(TASK DATA)
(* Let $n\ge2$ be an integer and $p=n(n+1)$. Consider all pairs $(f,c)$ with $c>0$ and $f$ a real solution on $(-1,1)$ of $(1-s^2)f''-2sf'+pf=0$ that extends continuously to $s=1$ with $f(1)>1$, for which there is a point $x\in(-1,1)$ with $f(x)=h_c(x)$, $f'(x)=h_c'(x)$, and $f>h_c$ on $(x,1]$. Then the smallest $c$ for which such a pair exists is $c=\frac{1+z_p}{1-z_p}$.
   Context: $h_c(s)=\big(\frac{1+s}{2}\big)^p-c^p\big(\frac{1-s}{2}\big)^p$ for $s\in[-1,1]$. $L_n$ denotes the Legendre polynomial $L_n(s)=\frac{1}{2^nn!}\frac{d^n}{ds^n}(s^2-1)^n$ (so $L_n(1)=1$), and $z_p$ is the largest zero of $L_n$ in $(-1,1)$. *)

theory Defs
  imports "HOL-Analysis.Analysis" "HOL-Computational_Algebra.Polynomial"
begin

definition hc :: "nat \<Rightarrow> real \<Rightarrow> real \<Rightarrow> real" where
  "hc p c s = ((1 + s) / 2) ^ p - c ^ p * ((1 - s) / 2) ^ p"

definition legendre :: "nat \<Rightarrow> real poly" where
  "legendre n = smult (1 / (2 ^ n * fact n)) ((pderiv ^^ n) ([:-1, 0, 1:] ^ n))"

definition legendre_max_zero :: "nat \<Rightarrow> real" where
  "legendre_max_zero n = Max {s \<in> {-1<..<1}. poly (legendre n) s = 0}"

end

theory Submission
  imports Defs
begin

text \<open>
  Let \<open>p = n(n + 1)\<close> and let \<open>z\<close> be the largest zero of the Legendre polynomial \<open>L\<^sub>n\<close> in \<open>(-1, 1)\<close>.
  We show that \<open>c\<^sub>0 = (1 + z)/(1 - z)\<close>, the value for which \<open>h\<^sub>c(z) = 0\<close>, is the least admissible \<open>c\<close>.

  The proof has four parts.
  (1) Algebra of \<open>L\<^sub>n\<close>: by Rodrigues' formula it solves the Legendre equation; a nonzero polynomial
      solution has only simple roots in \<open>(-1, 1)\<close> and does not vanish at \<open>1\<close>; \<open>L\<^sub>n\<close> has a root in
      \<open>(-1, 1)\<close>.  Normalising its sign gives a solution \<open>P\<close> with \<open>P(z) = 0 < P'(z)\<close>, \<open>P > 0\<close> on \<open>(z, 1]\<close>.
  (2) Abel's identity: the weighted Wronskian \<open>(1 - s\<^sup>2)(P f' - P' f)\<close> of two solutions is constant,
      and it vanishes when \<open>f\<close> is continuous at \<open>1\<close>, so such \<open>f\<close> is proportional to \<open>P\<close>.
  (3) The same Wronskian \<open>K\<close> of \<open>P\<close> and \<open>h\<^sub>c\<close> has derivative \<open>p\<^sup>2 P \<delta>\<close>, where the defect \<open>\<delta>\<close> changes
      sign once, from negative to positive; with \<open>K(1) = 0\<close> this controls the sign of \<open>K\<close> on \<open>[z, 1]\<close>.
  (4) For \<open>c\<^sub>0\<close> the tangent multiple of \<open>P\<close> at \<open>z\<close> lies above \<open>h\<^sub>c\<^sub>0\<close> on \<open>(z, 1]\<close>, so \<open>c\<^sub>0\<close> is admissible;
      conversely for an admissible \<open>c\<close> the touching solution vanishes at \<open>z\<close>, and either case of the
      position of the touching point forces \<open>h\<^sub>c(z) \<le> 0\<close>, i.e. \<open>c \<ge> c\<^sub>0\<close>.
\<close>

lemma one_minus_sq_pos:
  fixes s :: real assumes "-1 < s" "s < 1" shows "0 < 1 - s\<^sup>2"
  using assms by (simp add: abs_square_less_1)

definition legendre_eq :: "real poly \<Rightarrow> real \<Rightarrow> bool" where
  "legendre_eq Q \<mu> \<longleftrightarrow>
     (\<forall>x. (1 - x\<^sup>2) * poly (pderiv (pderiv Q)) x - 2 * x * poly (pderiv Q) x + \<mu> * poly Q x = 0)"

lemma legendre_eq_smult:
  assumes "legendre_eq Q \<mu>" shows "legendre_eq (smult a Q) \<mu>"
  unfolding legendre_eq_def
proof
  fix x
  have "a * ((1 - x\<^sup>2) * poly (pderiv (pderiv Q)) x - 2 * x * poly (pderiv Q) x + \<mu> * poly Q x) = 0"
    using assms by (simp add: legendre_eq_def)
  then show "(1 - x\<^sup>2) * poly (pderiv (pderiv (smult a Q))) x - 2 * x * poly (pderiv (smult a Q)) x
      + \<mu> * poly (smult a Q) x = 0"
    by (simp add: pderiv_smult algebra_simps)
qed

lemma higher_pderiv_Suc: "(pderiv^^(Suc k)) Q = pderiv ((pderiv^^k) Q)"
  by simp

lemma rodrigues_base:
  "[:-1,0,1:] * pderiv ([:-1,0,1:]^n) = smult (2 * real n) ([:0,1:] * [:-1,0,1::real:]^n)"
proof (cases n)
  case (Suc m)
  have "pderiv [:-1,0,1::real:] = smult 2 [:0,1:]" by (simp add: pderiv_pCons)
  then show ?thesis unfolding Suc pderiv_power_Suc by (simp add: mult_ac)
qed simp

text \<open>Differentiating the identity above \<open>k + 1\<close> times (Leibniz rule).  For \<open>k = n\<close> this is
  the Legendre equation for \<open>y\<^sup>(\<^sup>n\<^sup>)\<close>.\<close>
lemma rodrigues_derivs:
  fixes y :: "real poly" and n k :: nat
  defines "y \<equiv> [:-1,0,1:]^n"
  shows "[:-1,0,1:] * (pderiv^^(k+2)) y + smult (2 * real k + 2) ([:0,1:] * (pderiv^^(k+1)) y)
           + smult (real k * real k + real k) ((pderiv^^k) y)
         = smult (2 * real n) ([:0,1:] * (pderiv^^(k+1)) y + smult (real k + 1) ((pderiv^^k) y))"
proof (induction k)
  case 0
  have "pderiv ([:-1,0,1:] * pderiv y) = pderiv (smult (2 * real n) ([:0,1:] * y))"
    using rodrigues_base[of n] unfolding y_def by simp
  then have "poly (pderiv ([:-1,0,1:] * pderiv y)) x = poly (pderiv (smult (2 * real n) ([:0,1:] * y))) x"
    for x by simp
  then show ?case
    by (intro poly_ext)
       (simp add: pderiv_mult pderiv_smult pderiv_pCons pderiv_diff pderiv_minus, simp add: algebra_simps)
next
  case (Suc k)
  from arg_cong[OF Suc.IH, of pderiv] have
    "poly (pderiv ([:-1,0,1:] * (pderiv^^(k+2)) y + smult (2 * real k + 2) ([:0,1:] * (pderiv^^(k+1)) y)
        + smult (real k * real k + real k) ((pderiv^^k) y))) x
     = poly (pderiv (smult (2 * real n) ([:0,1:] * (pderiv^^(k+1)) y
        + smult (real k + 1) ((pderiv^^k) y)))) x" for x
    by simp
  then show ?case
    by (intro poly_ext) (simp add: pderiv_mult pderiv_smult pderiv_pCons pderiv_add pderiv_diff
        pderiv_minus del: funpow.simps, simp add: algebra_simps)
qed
(End TASK DATA)
Go over the data above and copy every line that has the word "such" in it.

(* Let $n\ge2$ be an integer and $p=n(n+1)$. Consider all pairs $(f,c)$ with $c>0$ and $f$ a real solution on $(-1,1)$ of $(1-s^2)f''-2sf'+pf=0$ that extends continuously to $s=1$ with $f(1)>1$, for which there is a point $x\in(-1,1)$ with $f(x)=h_c(x)$, $f'(x)=h_c'(x)$, and $f>h_c$ on $(x,1]$. Then the smallest $c$ for which such a pair exists is $c=\frac{1+z_p}{1-z_p}$.
      and it vanishes when \<open>f\<close> is continuous at \<open>1\<close>, so such \<open>f\<close> is proportional to \<open>P\<close>.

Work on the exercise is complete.